Data Mining Ontologies
Data Mining Optimization (DMOP) Ontology and Knowledge Base
The DMOP ontology was designed to support algorithm, model, and workflow selection in view of optimizing the data mining process and the quality of the mined hypotheses (models or pattern sets). The terminological box (TBox), or the ontology proper, provides a unified conceptual framework for modeling DM tasks, datasets, algorithms, hypotheses, workflows and performance metrics, as well as their relationships. The assertional box (ABox) contains facts describing instances of these concepts (e.g., specific DM algorithms). These two boxes together form the DMOP Knowledge Base, which can be viewed as a compendium of the collective expertise of the data mining community.
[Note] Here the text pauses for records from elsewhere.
lemma nn_integral_reflect_on:
  assumes "finite \<Lambda>" and "f \<in> borel_measurable (field_measure \<Lambda>)"
  shows "(\<integral>\<^sup>+\<phi>. f (restrict (reflect_on S \<psi> \<phi>) \<Lambda>) \<partial>field_measure \<Lambda>) = (\<integral>\<^sup>+\<phi>. f \<phi> \<partial>field_measure \<Lambda>)"
proof -
  have "(\<integral>\<^sup>+\<phi>. f \<phi> \<partial>field_measure \<Lambda>)
      = (\<integral>\<^sup>+\<phi>. f \<phi> \<partial>distr (field_measure \<Lambda>) (field_measure \<Lambda>) (\<lambda>\<phi>. restrict (reflect_on S \<psi> \<phi>) \<Lambda>))"
    by (simp add: distr_reflect_on[OF assms(1)])
  also have "\<dots> = (\<integral>\<^sup>+\<phi>. f (restrict (reflect_on S \<psi> \<phi>) \<Lambda>) \<partial>field_measure \<Lambda>)"
    by (rule nn_integral_distr[OF measurable_reflect_on]) (use assms(2) in simp)
  finally show ?thesis ..
qed

lemma nn_integral_field_measure_split:
  assumes IJ: "I \<inter> J = {}" "finite I" "finite J"
    and f: "f \<in> borel_measurable (field_measure I)" and g: "g \<in> borel_measurable (field_measure J)"
  shows "(\<integral>\<^sup>+\<phi>. f (restrict \<phi> I) * g (restrict \<phi> J) \<partial>field_measure (I \<union> J))
       = (\<integral>\<^sup>+\<phi>. f \<phi> \<partial>field_measure I) * (\<integral>\<^sup>+\<phi>. g \<phi> \<partial>field_measure J)"
proof -
  interpret product_sigma_finite "\<lambda>_::site. lborel::real measure" by standard
  have "(\<lambda>\<phi>. f (restrict \<phi> I) * g (restrict \<phi> J)) \<in> borel_measurable (field_measure (I \<union> J))"
    by (intro borel_measurable_times_ennreal measurable_compose[OF measurable_restrict_subset f]
        measurable_compose[OF measurable_restrict_subset g]) auto
  then have "(\<integral>\<^sup>+\<phi>. f (restrict \<phi> I) * g (restrict \<phi> J) \<partial>field_measure (I \<union> J))
      = (\<integral>\<^sup>+x. (\<integral>\<^sup>+y. f (restrict (merge I J (x, y)) I) * g (restrict (merge I J (x, y)) J)
          \<partial>field_measure J) \<partial>field_measure I)"
    by (rule product_nn_integral_fold[OF IJ])
  also have "\<dots> = (\<integral>\<^sup>+x. (\<integral>\<^sup>+y. f x * g y \<partial>field_measure J) \<partial>field_measure I)"
    using IJ(1) by (intro nn_integral_cong) (auto simp: space_PiM restrict_PiE_iff)
  also have "\<dots> = (\<integral>\<^sup>+x. f x * (\<integral>\<^sup>+y. g y \<partial>field_measure J) \<partial>field_measure I)"
    by (rule nn_integral_cong) (rule nn_integral_cmult[OF g])
  also have "\<dots> = (\<integral>\<^sup>+\<phi>. f \<phi> \<partial>field_measure I) * (\<integral>\<^sup>+\<phi>. g \<phi> \<partial>field_measure J)"
    by (rule nn_integral_multc[OF f])
  finally show ?thesis .
qed
(* Let $n,m,p,N\in\mathbb{N}_+$, $B\in\mathbb{R}^{n\times m}$, $C\in\mathbb{R}^{p\times n}$ of full column rank, $x_0\in\mathbb{R}^n$, $r_1,\dots,r_N\in\mathbb{R}^p$, $r_0:=Cx_0$, and $\mathcal{S}_{\rm M1}\subseteq\mathbb{R}^{n\times n}\times\mathbb{R}^{m\times N}$. Problem (MOPUL1) is: minimize $\sum_{t=1}^N\|y_t-r_t\|_2$ over $(A,U)\in\mathcal{S}_{\rm M1}$, $U=(u_0,\dots,u_{N-1})$, where $x_t=Ax_{t-1}+Bu_{t-1}$ ($t=1,\dots,N$) and $y_t=Cx_t$; let $v^*_{\rm M1}$ be its optimal value and $\mathcal{F}^*_{\rm M1}$ its optimal solution set. Problem (AMOPUL1) is: minimize $\sum_{t=1}^N\|CAC^{\dagger}r_{t-1}+CBu_{t-1}-r_t\|_2$ over $(A,U)\in\mathcal{S}_{\rm M1}$; let $v^*_{\rm A1}$ be its optimal value. For $\epsilon=(\epsilon_1,\dots,\epsilon_N)\in\mathbb{R}^N_+$ let $\mathcal{Z}_\epsilon:=\{(A,U)\in\mathcal{S}_{\rm M1}: \hat y_0=Cx_0,\ \hat y_t=CAC^{\dagger}\hat y_{t-1}+CBu_{t-1},\ \|\hat y_t-r_t\|_2\le\epsilon_t,\ t=1,\dots,N\}$. For $(A^*,U^* )\in\mathcal{F}^*_{\rm M1}$ with $U^*=(u^*_0,\dots,u^*_{N-1})$, define $\hat y^*_0=Cx_0$, $\hat y^*_t=CA^*C^{\dagger}\hat y^*_{t-1}+CBu^*_{t-1}$, $\epsilon^*_t=\|\hat y^*_t-r_t\|_2$, and $\mathcal{Z}^*_{\epsilon}(A^*,U^* ):=\mathcal{Z}_{\epsilon^*}$. If (MOPUL1) is attainable (i.e., $\mathcal{F}^*_{\rm M1}\ne\emptyset$), then $$v^*_{\rm A1}\le(1+\gamma^* )v^*_{\rm M1},\qquad \gamma^*:=\inf_{(A^*,U^* )\in\mathcal{F}^*_{\rm M1}}\ \inf_{(A,U)\in\mathcal{Z}^*_{\epsilon}(A^*,U^* )}\|CAC^{\dagger}\|_2.$$
   Context: $C^{\dagger}$ is the Moore–Penrose inverse of $C$; $\|\cdot\|_2$ is the Euclidean norm for vectors and the spectral norm for matrices. In the paper $\mathcal{S}_{\rm M1}$ is assumed SD representable, though this is not used in the claim. *)

theory Defs
  imports "HOL-Analysis.Analysis"
begin

definition mp_pinv :: "real^'n^'p \<Rightarrow> real^'p^'n" where
  "mp_pinv C = (THE X. C ** X ** C = C \<and> X ** C ** X = X \<and>
      transpose (C ** X) = C ** X \<and> transpose (X ** C) = X ** C)"

definition spec_norm :: "real^'n^'m \<Rightarrow> real" where
  "spec_norm M = onorm (\<lambda>x. M *v x)"

fun traj :: "real^'n^'n \<Rightarrow> real^'m^'n \<Rightarrow> (nat \<Rightarrow> real^'m) \<Rightarrow> real^'n \<Rightarrow> nat \<Rightarrow> real^'n" where
  "traj A B U x0 0 = x0"
| "traj A B U x0 (Suc t) = A *v traj A B U x0 t + B *v U t"

fun yhat :: "real^'n^'p \<Rightarrow> real^'n^'n \<Rightarrow> real^'m^'n \<Rightarrow> (nat \<Rightarrow> real^'m) \<Rightarrow> real^'n \<Rightarrow> nat \<Rightarrow> real^'p" where
  "yhat C A B U x0 0 = C *v x0"
| "yhat C A B U x0 (Suc t) = (C ** A ** mp_pinv C) *v yhat C A B U x0 t + (C ** B) *v U t"

definition ref0 :: "real^'n^'p \<Rightarrow> real^'n \<Rightarrow> (nat \<Rightarrow> real^'p) \<Rightarrow> nat \<Rightarrow> real^'p" where
  "ref0 C x0 r t = (if t = 0 then C *v x0 else r t)"

definition obj_M1 where
  "obj_M1 N B C x0 r A U = (\<Sum>t=1..N. norm (C *v traj A B U x0 t - r t))"

definition obj_A1 where
  "obj_A1 N B C x0 r A U = (\<Sum>t=1..N. norm ((C ** A ** mp_pinv C) *v ref0 C x0 r (t - 1)
       + (C ** B) *v U (t - 1) - r t))"

definition F_M1 where
  "F_M1 S N B C x0 r = {(A, U) \<in> S. \<forall>(A', U') \<in> S. obj_M1 N B C x0 r A U \<le> obj_M1 N B C x0 r A' U'}"

definition Z_eps where
  "Z_eps S N B C x0 r eps = {(A, U) \<in> S. \<forall>t \<in> {1..N}. norm (yhat C A B U x0 t - r t) \<le> eps t}"

definition eps_star where
  "eps_star B C x0 r As Us t = norm (yhat C As B Us x0 t - r t)"

end

theory Submission imports Defs begin

(*
  For C of full column rank the Moore-Penrose inverse C^+ is a left inverse of C, so C A C^+
  maps C x to C A x and the approximate outputs yhat coincide with the true outputs of (MOPUL1).
  Writing d_t = yhat_t - r_t, the t-th residual of (AMOPUL1) equals d_t - C A C^+ d_{t-1},
  where d_0 = 0 because r_0 = C x0 = yhat_0; hence its norm is at most
  |d_t| + |C A C^+| |d_{t-1}|, and summing bounds the (AMOPUL1) objective of any (A, U) by
  (1 + |C A C^+|) times the sum of the |d_t|. On Z_eps for eps = eps_star of an optimal pair
  (As, Us) that sum is at most the (MOPUL1) objective of (As, Us), which is v*_M1. Taking
  infima gives the claim.
*)

lemma mp_pinv_eqI:
  fixes C :: "real^'n^'p" and X :: "real^'p^'n"
  assumes XC: "X ** C = mat 1" and sym_CX: "transpose (C ** X) = C ** X"
  shows "mp_pinv C = X"
  unfolding mp_pinv_def
proof (rule the_equality)
  show penrose_X: "C ** X ** C = C \<and> X ** C ** X = X \<and>
      transpose (C ** X) = C ** X \<and> transpose (X ** C) = X ** C"
    using XC sym_CX by (simp add: matrix_mul_assoc[symmetric])
  fix Y
  assume penrose_Y: "C ** Y ** C = C \<and> Y ** C ** Y = Y \<and>
      transpose (C ** Y) = C ** Y \<and> transpose (Y ** C) = Y ** C"
  have YC: "Y ** C = mat 1"
    by (metis XC penrose_Y matrix_mul_assoc matrix_mul_lid)
  have "C ** Y = transpose (C ** X ** C ** Y)"
    using penrose_X penrose_Y by (metis matrix_mul_assoc)
  also have "\<dots> = transpose (C ** Y) ** transpose (C ** X)"
    by (metis matrix_transpose_mul matrix_mul_assoc)
  also have "\<dots> = C ** X"
    using penrose_Y sym_CX by (metis matrix_mul_assoc)
  finally have "X ** C ** Y = X ** C ** X"
    by (simp add: matrix_mul_assoc[symmetric])
  then show "Y = X"
    using XC YC by (simp add: matrix_mul_assoc[symmetric])
qed

lemma gram_matrix_injective:
  fixes C :: "real^'n^'p"
  assumes "inj ((*v) C)"
  shows "inj ((*v) (transpose C ** C))"
proof -
  have "x = 0" if "(transpose C ** C) *v x = 0" for x
  proof -
    have "inner (C *v x) (C *v x) = inner ((transpose C ** C) *v x) x"
      by (metis dot_lmul_matrix matrix_vector_mul_assoc transpose_matrix_vector)
    then have "C *v x = 0"
      using that by simp
    then show "x = 0"
      using assms by (metis injD matrix_vector_mult_0_right)
  qed
  then show ?thesis
    by (simp add: vec.inj_iff_eq_0)
qed

lemma mp_pinv_left_inverse:
  fixes C :: "real^'n^'p"
  assumes "rank C = CARD('n)"
  shows "mp_pinv C ** C = mat 1"
proof -
  obtain G where G: "G ** (transpose C ** C) = mat 1"
    using gram_matrix_injective[OF full_rank_injective[THEN iffD1, OF assms]]
    by (metis matrix_left_invertible_injective)
  then have G_right: "(transpose C ** C) ** G = mat 1"
    using matrix_left_right_inverse by blast
  have "transpose G ** (transpose C ** C) = mat 1"
    using G_right by (metis matrix_transpose_mul transpose_mat transpose_transpose)
  then have G_sym: "transpose G = G"
    by (metis G_right matrix_mul_assoc matrix_mul_lid matrix_mul_rid)
  have "mp_pinv C = G ** transpose C"
  proof (rule mp_pinv_eqI)
    show "G ** transpose C ** C = mat 1"
      using G by (simp add: matrix_mul_assoc)
    show "transpose (C ** (G ** transpose C)) = C ** (G ** transpose C)"
      by (simp add: matrix_transpose_mul G_sym matrix_mul_assoc)
  qed
  then show ?thesis
    using G by (simp add: matrix_mul_assoc)
qed

lemma yhat_eq_output:
  assumes "mp_pinv C ** C = mat 1"
  shows "yhat C A B U x0 t = C *v traj A B U x0 t"
proof (induction t)
  case 0
  then show ?case by simp
next
  case (Suc t)
  have "(C ** A ** mp_pinv C) *v (C *v x) = C *v (A *v x)" for x
    by (simp add: matrix_vector_mul_assoc matrix_mul_assoc[symmetric] assms)
  then show ?case
    using Suc by (simp add: matrix_vector_right_distrib matrix_vector_mul_assoc)
qed

lemma spec_norm_nonneg: "spec_norm M \<ge> 0"
  unfolding spec_norm_def by (rule onorm_pos_le) simp

lemma obj_A1_residual_le:
  "norm ((C ** A ** mp_pinv C) *v ref0 C x0 r s + (C ** B) *v U s - r (Suc s))
     \<le> spec_norm (C ** A ** mp_pinv C) * norm (yhat C A B U x0 s - ref0 C x0 r s)
       + norm (yhat C A B U x0 (Suc s) - r (Suc s))"
proof -
  let ?M = "C ** A ** mp_pinv C" and ?y = "yhat C A B U x0"
  have "?M *v ref0 C x0 r s + (C ** B) *v U s - r (Suc s)
      = ?M *v (ref0 C x0 r s - ?y s) + (?y (Suc s) - r (Suc s))"
    by (simp add: matrix_vector_mult_diff_distrib algebra_simps)
  also have "norm \<dots> \<le> norm (?M *v (ref0 C x0 r s - ?y s)) + norm (?y (Suc s) - r (Suc s))"
    by (rule norm_triangle_ineq)
  also have "norm (?M *v (ref0 C x0 r s - ?y s)) \<le> spec_norm ?M * norm (ref0 C x0 r s - ?y s)"
    unfolding spec_norm_def by (rule onorm) simp
  finally show ?thesis
    by (simp add: norm_minus_commute)
qed

lemma obj_A1_le_yhat_errors:
  "obj_A1 N B C x0 r A U
     \<le> (1 + spec_norm (C ** A ** mp_pinv C)) * (\<Sum>t=1..N. norm (yhat C A B U x0 t - r t))"
proof -
  define k where "k = spec_norm (C ** A ** mp_pinv C)"
  define e where "e t = norm (yhat C A B U x0 t - ref0 C x0 r t)" for t
  have k_nonneg: "k \<ge> 0"
    unfolding k_def by (rule spec_norm_nonneg)
  have e_Suc: "e (Suc s) = norm (yhat C A B U x0 (Suc s) - r (Suc s))" for s
    by (simp add: e_def ref0_def)
  have e_0: "e 0 = 0"
    by (simp add: e_def ref0_def)
  have "(\<Sum>s<N. e s) \<le> (\<Sum>s<Suc N. e s)"
    by (simp add: e_def)
  also have "\<dots> = (\<Sum>s<N. e (Suc s))"
    by (simp only: sum.lessThan_Suc_shift e_0 add_0_left)
  finally have shifted_errors: "(\<Sum>s<N. e s) \<le> (\<Sum>s<N. e (Suc s))" .
  have "obj_A1 N B C x0 r A U
      = (\<Sum>s<N. norm ((C ** A ** mp_pinv C) *v ref0 C x0 r s + (C ** B) *v U s - r (Suc s)))"
    unfolding obj_A1_def One_nat_def sum.atLeast1_atMost_eq by simp
  also have "\<dots> \<le> (\<Sum>s<N. k * e s + e (Suc s))"
    using obj_A1_residual_le[of C A x0 r _ B U] by (intro sum_mono) (simp add: k_def e_def ref0_def)
  also have "\<dots> = k * (\<Sum>s<N. e s) + (\<Sum>s<N. e (Suc s))"
    by (simp add: sum.distrib sum_distrib_left)
  also have "\<dots> \<le> (1 + k) * (\<Sum>s<N. e (Suc s))"
    using shifted_errors k_nonneg by (simp add: distrib_right mult_left_mono)
  also have "(\<Sum>s<N. e (Suc s)) = (\<Sum>t=1..N. norm (yhat C A B U x0 t - r t))"
    unfolding One_nat_def sum.atLeast1_atMost_eq e_Suc ..
  finally show ?thesis
    by (simp add: k_def)
qed

lemma optimal_mem_Z_eps:
  assumes "(As, Us) \<in> F_M1 S N B C x0 r"
  shows "(As, Us) \<in> Z_eps S N B C x0 r (eps_star B C x0 r As Us)"
  using assms by (auto simp: Z_eps_def eps_star_def F_M1_def)

lemma INF_obj_M1_eq_optimal:
  assumes "(As, Us) \<in> F_M1 S N B C x0 r"
  shows "(INF (A, U)\<in>S. obj_M1 N B C x0 r A U) = obj_M1 N B C x0 r As Us"
  using assms unfolding F_M1_def by (intro cInf_eq_minimum) auto

lemma INF_obj_A1_le:
  assumes "(A, U) \<in> S"
  shows "(INF (A, U)\<in>S. obj_A1 N B C x0 r A U) \<le> obj_A1 N B C x0 r A U"
proof -
  have "bdd_below ((\<lambda>(A, U). obj_A1 N B C x0 r A U) ` S)"
    by (rule bdd_belowI[where m = 0]) (auto simp: obj_A1_def intro: sum_nonneg)
  from cINF_lower[OF this assms] show ?thesis
    by simp
qed

lemma sum_yhat_errors_le_obj_M1:
  assumes "mp_pinv C ** C = mat 1"
    and "(A, U) \<in> Z_eps S N B C x0 r (eps_star B C x0 r As Us)"
  shows "(\<Sum>t=1..N. norm (yhat C A B U x0 t - r t)) \<le> obj_M1 N B C x0 r As Us"
proof -
  have "(\<Sum>t=1..N. norm (yhat C A B U x0 t - r t)) \<le> (\<Sum>t=1..N. eps_star B C x0 r As Us t)"
    using assms(2) by (intro sum_mono) (auto simp: Z_eps_def)
  also have "\<dots> = obj_M1 N B C x0 r As Us"
    by (simp add: eps_star_def obj_M1_def yhat_eq_output[OF assms(1)])
  finally show ?thesis .
qed

lemma le_one_plus_INF_INF_mult:
  fixes a v :: real and k :: "'c \<Rightarrow> 'd \<Rightarrow> real"
  assumes "P \<noteq> {}" and "\<And>p q. (p, q) \<in> P \<Longrightarrow> Q p q \<noteq> {}" and "v \<ge> 0"
    and bound: "\<And>p q x y. (p, q) \<in> P \<Longrightarrow> (x, y) \<in> Q p q \<Longrightarrow> a \<le> (1 + k x y) * v"
  shows "a \<le> (1 + (INF (p, q)\<in>P. INF (x, y)\<in>Q p q. k x y)) * v"
proof (cases "v = 0")
  case True
  obtain p q x y where "(p, q) \<in> P" "(x, y) \<in> Q p q"
    using assms(1,2) by fastforce
  then show ?thesis
    using bound True by fastforce
next
  case False
  then have "v > 0"
    using \<open>v \<ge> 0\<close> by simp
  have "a / v - 1 \<le> (INF (p, q)\<in>P. INF (x, y)\<in>Q p q. k x y)"
  proof (intro cINF_greatest, goal_cases)
    case 1 show ?case using assms(1) .
  next
    case (2 pq)
    then obtain p q where pq: "pq = (p, q)" "(p, q) \<in> P"
      by (cases pq) auto
    show ?case
      unfolding pq(1) prod.case
    proof (rule cINF_greatest)
      show "Q p q \<noteq> {}"
        using assms(2) pq(2) .
      fix xy
      assume "xy \<in> Q p q"
      then show "a / v - 1 \<le> (case xy of (x, y) \<Rightarrow> k x y)"
        using bound pq(2) \<open>v > 0\<close> by (cases xy) (simp add: field_simps)
    qed
  qed
  then show ?thesis
    using \<open>v > 0\<close> by (simp add: field_simps)
qed

theorem theorem5:
  fixes B :: "real^'m^'n" and C :: "real^'n^'p" and x0 :: "real^'n"
    and r :: "nat \<Rightarrow> real^'p" and N :: nat
    and S :: "((real^'n^'n) \<times> (nat \<Rightarrow> real^'m)) set"
  assumes "N \<ge> 1"
    and "rank C = CARD('n)"
    and "F_M1 S N B C x0 r \<noteq> {}"
  shows "(INF (A, U)\<in>S. obj_A1 N B C x0 r A U)
          \<le> (1 + (INF (As, Us)\<in>F_M1 S N B C x0 r.
                     INF (A, U)\<in>Z_eps S N B C x0 r (eps_star B C x0 r As Us). spec_norm (C ** A ** mp_pinv C)))
            * (INF (A, U)\<in>S. obj_M1 N B C x0 r A U)"
proof (rule le_one_plus_INF_INF_mult)
  have pinv: "mp_pinv C ** C = mat 1"
    using assms(2) by (rule mp_pinv_left_inverse)
  obtain As0 Us0 where opt0: "(As0, Us0) \<in> F_M1 S N B C x0 r"
    using assms(3) by auto
  show "F_M1 S N B C x0 r \<noteq> {}" by (fact assms(3))
  show "Z_eps S N B C x0 r (eps_star B C x0 r As Us) \<noteq> {}" if "(As, Us) \<in> F_M1 S N B C x0 r" for As Us
    using optimal_mem_Z_eps[OF that] by blast
  show "(INF (A, U)\<in>S. obj_M1 N B C x0 r A U) \<ge> 0"
    using INF_obj_M1_eq_optimal[OF opt0] by (simp add: obj_M1_def sum_nonneg)
  fix As Us A U
  assume opt: "(As, Us) \<in> F_M1 S N B C x0 r"
    and Z: "(A, U) \<in> Z_eps S N B C x0 r (eps_star B C x0 r As Us)"
  have "(A, U) \<in> S"
    using Z by (simp add: Z_eps_def)
  then have "(INF (A, U)\<in>S. obj_A1 N B C x0 r A U) \<le> obj_A1 N B C x0 r A U"
    by (rule INF_obj_A1_le)
  also have "\<dots> \<le> (1 + spec_norm (C ** A ** mp_pinv C)) * (\<Sum>t=1..N. norm (yhat C A B U x0 t - r t))"
    by (rule obj_A1_le_yhat_errors)
  also have "\<dots> \<le> (1 + spec_norm (C ** A ** mp_pinv C)) * obj_M1 N B C x0 r As Us"
    using sum_yhat_errors_le_obj_M1[OF pinv Z] spec_norm_nonneg[of "C ** A ** mp_pinv C"]
    by (intro mult_left_mono) simp_all
  finally show "(INF (A, U)\<in>S. obj_A1 N B C x0 r A U)
      \<le> (1 + spec_norm (C ** A ** mp_pinv C)) * (INF (A, U)\<in>S. obj_M1 N B C x0 r A U)"
    by (simp add: INF_obj_M1_eq_optimal[OF opt])
qed

end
The DMOP Knowledge Base is available on:
In the e-LICO system, the information distilled in the DMOP ontology and knowledge base is used to drive the self-improvement of the DM process planner. Whereas the DMWF ontology supports the planner in its task of generating candidate workflows for a given mining task, the DMOP ontology supports the meta-miner, whose role is to analyse past DM experiments in order to build predictive models for ranking these workflows. The meta-miner is a semantic meta-miner: it draws its analytical power not only from metadata describing past experiments but also from background knowledge stored in the DMOP ontology and knowledge base. These meta-data are stored in RDF triple stores whose schemas are based on DMOP's conceptual framework. The figure shows the architecture of DMOP and its satellite databases that describe ingredients of DM experiments: operators (OPER-DB), datasets (DSET-DBs), workflows (WFLO-DB) and experimental parameters and results (DMEX-DBs).
A distinctive feature of DMOP is its in-depth characterization of the major ingredients of the data mining process: datasets, algorithms, and learned hypotheses. Datasets are described using statistical and information-theoretic measures, as well as geometric complexity measures that suggest the potential difficulty of analysing them. Inductive paradigms and algorithms are modeled in terms of their implicit assumptions, their optimization strategies, their capabilities (e.g. ability to handle classification costs or instance weights), and their resilience to data flaws such as noise or missing values. Mined hypotheses are characterized by their structural complexity, interpretability, average performance in a given application domain, and -- for classifiers -- the type of decision boundaries induced in the instance space.
Due to the magnitude of the task and the constant evolution of data mining technology, DMOP is and will always be expandable and revisable. For this reason, it was designed to be a community undertaking. To ensure sustained and collective development of DMOP and similar ontologies, we have created the DMO Foundry, a web portal that provides a collaborative ontology development platform for data mining ontologies. As the Foundry's pilot ontology, DMOP can be explored online via the Foundry's DMO Browser (http://www.dmo-foundry.org/DMOBrowser/); it can also be downloaded from http://www.dmo-foundry.org/download-DMOP for offline inspection on any OWL browser/editor such as Protégé 4.1.